Long-term tracks are achieved in fr2-xyz and fr3-office. We take a more detailed look at the results of fr3-office. Figure 4 plots the median SCE for each duration. We see that LSD-SLAM and DIP have similar performance early on, but DIP performs better at later stages. Notice, as LSD-SLAM generates new reference images, the baseline is typically small. In contrast DIP benefits from larger baselines. LSD-Key loses track quickly, while SIP performs well in early stages. The trajectory and inverse depth maps for the very first 300 frames are shown in Fig. 5. Figure 6 plots the depth completeness. Here, DIP and SIP reach a peak correctness with increasing baseline, after which they slightly degrades as points are outside the current view, and smoothing takes over their energies.

Fig. 6.
figure 6

Depth completeness of LSD-Key, SIP and DIP for initial images in fr3-office. As LSD-Key and SIP only produces depth for high gradient pixels, the results of DIP at gradient only are also shown. Note, LSD-Key remains unchanged after poor tracking.

We remark, similar to many approaches based on gradient decent, our method converges to local minima. However our method relies on graduated optimization which aims to avoid getting trapped in bad minima by optimizing a smoother energy with gradually increased complexity [34]. In contrast to LSD-SLAM, we employ graduated optimization in depth perception as well as traditional scale-space image pyramids leading to superior results. The indicator function is a surrogate for the scale-space pyramid in depth. Finally, we note that the disjoint version is consistently worse in virtually all experiments. The difference is the impact of graduated optimization. For Disjoint, changes in perceived depth are not utilized for pose at the current frame. In contrast, joint optimization finds pose and depth at the same time, yielding improved performance.

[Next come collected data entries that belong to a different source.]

lemma cong_power_if_dvd_primitive_unity_factor:
  fixes q a :: nat
  assumes "int q dvd poly (primitive_unity_factor L) (int a)"
  shows "[a ^ L = 1] (mod q)"
proof -
  have "int q dvd poly (monom 1 L - 1) (int a)"
    using assms by (simp add: unity_factors_mult[symmetric])
  then show ?thesis
    by (simp add: poly_monom cong_iff_dvd_diff flip: cong_int_iff)
qed

lemma ord_eq_if_dvd_primitive_unity_factor:
  fixes q a :: nat
  assumes "prime q" and q: "int q dvd poly (primitive_unity_factor L) (int a)"
    and "L > 0" and "\<not> q dvd L" and "\<not> q dvd a"
  shows "ord q a = L"
proof (rule ccontr)
  define H where "H = primitive_unity_factor L"
  define K where "K = imprimitive_unity_factor L"
  assume "ord q a \<noteq> L"
  moreover obtain t where t: "L = ord q a * t"
    using cong_power_if_dvd_primitive_unity_factor[OF q] ord_divides by blast
  ultimately obtain l where "prime l" and "l dvd t"
    by (metis mult.right_neutral prime_factor_nat)
  from \<open>l dvd t\<close> obtain s where "t = l * s"
    by (elim dvdE)
  then have "L = l * (ord q a * s)"
    using t by (simp add: ac_simps)
  then have "l dvd L" and "ord q a dvd L div l"
    using \<open>prime l\<close> by (simp_all add: prime_gt_0_nat)
  then have "int q dvd poly (monom 1 (L div l) - 1) (int a)"
    using ord_divides by (simp add: poly_monom cong_iff_dvd_diff flip: cong_int_iff)
  moreover obtain W where "K = (monom 1 (L div l) - 1) * W"
    using unity_poly_dvd_imprimitive_unity_factor[OF \<open>L > 0\<close> \<open>prime l\<close> \<open>l dvd L\<close>]
    unfolding K_def by (elim dvdE)
  ultimately have "int q dvd poly K (int a)"
    by simp
  moreover have "int q dvd poly H (int a)"
    using q by (simp add: H_def)
  \<comment> \<open>so a is a double root of X^L - 1 modulo q\<close>
  ultimately have "int q dvd poly (pderiv (H * K)) (int a)"
    by (simp add: pderiv_mult)
  then have "int q dvd int L * int a ^ (L - 1)"
    by (simp add: H_def K_def unity_factors_mult pderiv_diff pderiv_monom poly_monom)
  then have "q dvd L * a ^ (L - 1)"
    by (metis of_nat_dvd_iff of_nat_mult of_nat_power)
  then show False
    using assms(1,4,5) by (auto simp: prime_dvd_mult_iff dest: prime_dvd_power)
qed

lemma prime_dvd_primitive_unity_factor:
  fixes q a :: nat
  assumes "prime q" and q: "int q dvd poly (primitive_unity_factor L) (int a)"
    and "L > 0" and "L dvd a"
  shows "\<not> q dvd a" and "[q = 1] (mod L)"
proof -
  have aL: "[a ^ L = 1] (mod q)"
    using q by (rule cong_power_if_dvd_primitive_unity_factor)
  show "\<not> q dvd a"
  proof
    assume "q dvd a"
    then have "q dvd a ^ L"
      using \<open>L > 0\<close> by (meson dvd_power dvd_trans)
    then have "[a ^ L = 0] (mod q)"
      by (simp add: cong_0_iff)
    then have "[1 = 0] (mod q)"
      using aL by (metis cong_sym cong_trans)
    then show False
      using \<open>prime q\<close> by (simp add: cong_0_iff)
  qed
  then have "\<not> q dvd L" and "coprime q a"
    using \<open>L dvd a\<close> \<open>prime q\<close> by (auto intro: dvd_trans prime_imp_coprime)
  then have "L dvd q - 1"
    using ord_eq_if_dvd_primitive_unity_factor[OF \<open>prime q\<close> q \<open>L > 0\<close>] \<open>\<not> q dvd a\<close>
      order_divides_totient[OF \<open>coprime q a\<close>] totient_prime[OF \<open>prime q\<close>] by simp
  moreover have "q \<ge> 1"
    using \<open>prime q\<close> by (rule prime_ge_1_nat)
  ultimately show "[q = 1] (mod L)"
    by (simp add: cong_altdef_nat)
qed

lemma nonconstant_int_poly_value_not_unit:
  fixes H :: "int poly"
  assumes "degree H > 0" and "infinite S"
  shows "\<exists>x\<in>S. \<bar>poly H x\<bar> \<noteq> 1"
proof -
  have "H ^ 2 - 1 \<noteq> 0"
  proof
    assume "H ^ 2 - 1 = 0"
    then have "degree (H ^ 2) = 0"
      by simp
    moreover have "H \<noteq> 0"
      using assms(1) by auto
    ultimately show False
      using assms(1) by (simp add: degree_power_eq)
  qed
  then have "finite {x. poly (H ^ 2 - 1) x = 0}"
    by (rule poly_roots_finite)
  then have "\<not> S \<subseteq> {x. poly (H ^ 2 - 1) x = 0}"
    using assms(2) finite_subset by blast
  then obtain x where "x \<in> S" and "poly (H ^ 2 - 1) x \<noteq> 0"
    by blast
  then have "poly H x ^ 2 \<noteq> 1"
    by simp
  then have "\<bar>poly H x\<bar> \<noteq> 1"
    by (metis power2_abs power_one)
  then show ?thesis
    using \<open>x \<in> S\<close> by blast
qed

lemma infinite_primes_cong_1:
  assumes "L > 0"
  shows "infinite {q::nat. prime q \<and> [q = 1] (mod L)}"
  unfolding infinite_nat_iff_unbounded
proof
  fix B :: nat
  define a where "a t = L * fact B * Suc t" for t
  have "infinite (range (\<lambda>t. int (a t)))"
    using assms by (intro range_inj_infinite) (simp add: inj_def a_def)
  then obtain t where "\<bar>poly (primitive_unity_factor L) (int (a t))\<bar> \<noteq> 1"
    using nonconstant_int_poly_value_not_unit degree_primitive_unity_factor_pos[OF assms] by blast
  then have "nat \<bar>poly (primitive_unity_factor L) (int (a t))\<bar> \<noteq> 1"
    by (simp add: nat_eq_iff)
  then obtain q where "prime q" and "q dvd nat \<bar>poly (primitive_unity_factor L) (int (a t))\<bar>"
    using prime_factor_nat by blast
  then have "int q dvd poly (primitive_unity_factor L) (int (a t))"
    by simp
  moreover have "L dvd a t"
    by (simp add: a_def)
  ultimately have "\<not> q dvd a t" and "[q = 1] (mod L)"
    using prime_dvd_primitive_unity_factor[OF \<open>prime q\<close> _ assms] by blast+
  moreover have "q > B"
  proof (rule ccontr)
    assume "\<not> q > B"
    then have "q dvd fact B"
      using prime_ge_1_nat[OF \<open>prime q\<close>] by (intro dvd_fact) auto
    then show False
      using \<open>\<not> q dvd a t\<close> by (simp add: a_def)
  qed
  ultimately show "\<exists>q>B. q \<in> {q. prime q \<and> [q = 1] (mod L)}"
    using \<open>prime q\<close> by blast
qed

theorem mainTheorem7:
  fixes p :: nat and f :: "real fps" and lp :: real
  assumes "p \<ge> 2" and "inR f" and "f \<noteq> 0"
    and "lp \<noteq> 0" and "U p f = fps_const lp * f"
  shows "(\<forall>z\<in>poles f. root_of_unity z)
    \<and> (\<forall>m::nat. m > 0 \<longrightarrow> eigenfunction (p + m * level f) f)
    \<and> infinite {q::nat. prime q \<and> eigenfunction q f}"
proof -
  obtain A B where rep: "rep A B f" and cop: "coprime A B"
    using assms(2,3) rep_coprime_exists unfolding inR_def by blast
  obtain c d where f: "\<forall>n. f $ n = c (n mod level f) * real n ^ d"
    using eigen_coeffs_monomial_mod_level(2)[OF assms(1) rep cop assms(5,4)] by blast
  have eigen: "eigenfunction q f" if "[q = p] (mod level f) \<or> [q = 1] (mod level f)" for q
    using eigenfunction_if_cong[OF f assms(5) _ that] assms(1) by simp
  have "{q. prime q \<and> [q = 1] (mod level f)} \<subseteq> {q. prime q \<and> eigenfunction q f}"
    using eigen by blast
  then have "infinite {q. prime q \<and> eigenfunction q f}"
    using infinite_primes_cong_1 eigen_coeffs_monomial_mod_level(1)[OF assms(1) rep cop assms(5,4)]
      infinite_super by blast
  moreover have "eigenfunction (p + m * level f) f" for m
    using eigen by (simp add: cong_def)
  ultimately show ?thesis
    using poles_roots_of_unity[OF assms(1) rep cop assms(5,4)] by blast
qed

end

In terms of running time, LSD-SLAM and LSD-Key perform tracking and mapping at 14 fps, while SIP performs twice as fast at 30 fps on CPU. DIP is slower on CPU (2 fps), but its GPU implementation runs in realtime (30 fps).

4.2 Qualitative Results

We conclude the experimental with example frames of our 7 additional video sequences (Fig. 7). Generally, LSD-SLAM smoothes well in the local neighborhood, while SIP and DIP perform more consistent on the global inverse depth hypothesis. We note, even with non-planar scenes our methods performs well. We argue, that the local planar surface assumption is reasonable in most environments, as was also witnessed by recent stereo systems, e.g. [13, 23, 24]. Nonetheless, in non-urban scenes, and in situations where the initial frontal plane assumption is significantly wrong (recall initialization of \(\mathbf {s}_i = (0,0,1)^\mathtt {T}\)), the results are less favorable as seen in the last row of Fig. 7.

Fig. 7.
figure 7

Inverse depth of LSD-SLAM, SIP and DIP for 7 qualitative video sequences (far is blue, near is red). In most scenes, the local planar surface assumption holds and our method performs well. In non-urban environments and where the initialization with frontal planar surfaces does not hold, our method fails (bottom row). (Color figure online)

5 Conclusion

We introduced a carefully derived coarse-to-fine planar regularization strategy that optimizes for both, pose and depth simultaneously from monocular streams. Our framework is keyframe-based, and incrementally improves its depth hypothesis at each frame as new data arrives. As semi-dense approach, the proposed method runs in realtime on CPU, while realtime for the dense version can be achieved on GPU. In our evaluation, we improved upon the front-end of LSD-SLAM whilst increasing execution time by a factor of two.